If it work with anonymous access then you know it’s the user and password fault

rugaard · December 31, 2018, 5:53pm

I tried setting allow_anonymous to true and removed the credentials from the Home Assistant configuration.yml file.

And voila, it worked. So like you said, it must be something regarding my password. Which got me looking into how the mosquitto_passwd command actually generates the encoded password.

I found out that it uses bcrypt and that was where it hit me. I generated the password outside of the container, which means it would most like have used a different salt than inside the Docker container.

I jumped into the running container, executed the mosquitto_passwd command to generate a new password.

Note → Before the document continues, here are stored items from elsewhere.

section \<open>Separation of the times \<open>q\<^sub>j(k)\<close>\<close>

locale admissible_times =
  fixes L :: nat and q :: "nat \<Rightarrow> nat \<Rightarrow> nat" and r p :: nat and \<gamma> :: real and n0 :: nat
  assumes rpos: "r > 0" and q1: "\<And>n. q 1 n = r * n + p"
    and gam: "0 < \<gamma>" "\<gamma> < 1" and n0: "n0 > 1"
    and C3: "\<And>n j. n \<ge> n0 \<Longrightarrow> j \<in> {2..L} \<Longrightarrow> real (q j (n + 1)) \<ge> real (q j n) + real n powr \<gamma>"
    and C4: "\<And>n j. n \<ge> n0 \<Longrightarrow> j \<in> {1..<L} \<Longrightarrow>
      real (q (j + 1) (nat \<lfloor>real n powr (1 - \<gamma>)\<rfloor>)) \<ge> real (q j n) * real n powr \<gamma>"
begin

lemma q_strict_step: "j \<in> {1..L} \<Longrightarrow> n0 \<le> m \<Longrightarrow> q j m < q j (Suc m)"
proof -
  assume j: "j \<in> {1..L}" and m: "n0 \<le> m"
  show ?thesis
  proof (cases "j = 1")
    case True then show ?thesis using q1 rpos by simp
  next
    case False
    then have "j \<in> {2..L}" using j by auto
    from C3[OF m this] have "real (q j (m + 1)) \<ge> real (q j m) + real m powr \<gamma>" .
    moreover have "real m powr \<gamma> > 0" using m n0 by simp
    ultimately have "real (q j m) < real (q j (m + 1))" by linarith
    then show ?thesis by simp
  qed
qed

lemma q_strict_mono: "j \<in> {1..L} \<Longrightarrow> n0 \<le> m \<Longrightarrow> m < m' \<Longrightarrow> q j m < q j m'"
proof (induct m')
  case 0 then show ?case by simp
next
  case (Suc m')
  show ?case
  proof (cases "m < m'")
    case True
    then have "q j m < q j m'" using Suc by auto
    also have "\<dots> < q j (Suc m')" using q_strict_step[OF Suc(2)] Suc(3) True by simp
    finally show ?thesis .
  next
    case False
    then have "m = m'" using Suc(4) by simp
    then show ?thesis using q_strict_step[OF Suc(2) Suc(3)] by simp
  qed
qed

lemma q_mono: "j \<in> {1..L} \<Longrightarrow> n0 \<le> m \<Longrightarrow> m \<le> m' \<Longrightarrow> q j m \<le> q j m'"
  using q_strict_mono[of j m m'] by (cases "m = m'") auto

lemma q_ratio:
  assumes k: "n0 \<le> k" and i: "i \<in> {1..<L}"
  shows "real (q (i+1) k) \<ge> real (q i k) * real k powr \<gamma>"
proof -
  have k1: "1 \<le> k" using k n0 by simp
  obtain n' where n': "nat \<lfloor>real n' powr (1 - \<gamma>)\<rfloor> = k" "k \<le> n'"
    using floor_powr_surj[of "1 - \<gamma>" k] gam k1 by auto
  have n0': "n0 \<le> n'" using n' k by simp
  from C4[OF n0' i] n'(1) have c4: "real (q (i + 1) k) \<ge> real (q i n') * real n' powr \<gamma>" by simp
  have "q i k \<le> q i n'" using i k n' by (intro q_mono) auto
  moreover have "real k powr \<gamma> \<le> real n' powr \<gamma>" using n' gam by (intro powr_mono2) auto
  ultimately have "real (q i k) * real k powr \<gamma> \<le> real (q i n') * real n' powr \<gamma>"
    by (intro mult_mono) auto
  with c4 show ?thesis by simp
qed

lemma q_pos: "n0 \<le> k \<Longrightarrow> i \<in> {1..L} \<Longrightarrow> 1 \<le> q i k"
proof (induct i)
  case 0 then show ?case by simp
next
  case (Suc i)
  show ?case
  proof (cases "i = 0")
    case True
    have "1 \<le> r * k" using rpos Suc(2) n0 by (simp add: one_le_mult_iff)
    moreover have "q (Suc 0) k = r*k+p" using q1[of k] by simp
    ultimately show ?thesis using True by (metis One_nat_def le_add1 order_trans)
  next
    case False
    then have i: "i \<in> {1..<L}" using Suc(3) by auto
    have k1: "1 \<le> real k powr \<gamma>" using Suc(2) n0 gam by (simp add: ge_one_powr_ge_zero)
    have "1 \<le> q i k" using Suc i by auto
    then have "real 1 \<le> real (q i k) * real k powr \<gamma>" using k1 by (simp add: mult_ge1_I)
    also have "\<dots> \<le> real (q (Suc i) k)" using q_ratio[OF Suc(2) i] by simp
    finally show ?thesis by linarith
  qed
qed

And eureka now Home Assistant successfully connect with username and password!

Thanks for all the help and suggestions!!

Happy new year!

finity · January 1, 2019, 8:38pm

I run HA in Docker and I have two instances of MQTT brokers running: one outside of Docker directly on the host machine that I used before my old venv days and one in a container using the eclipse-mosquitto image.

I also have two HA instances running in separate Docker containers and each is connected to one of the MQTT brokers.

I don’t remember ever having to go into the container to generate the passwords to get them to connect. They pretty much just worked as soon as I set them up.

backslashv · August 31, 2022, 5:27am

Precisely my issue. For me, the HA integration was able to connect but my router wasn’t. Changed the password and that also connected fine. Thanks a lot.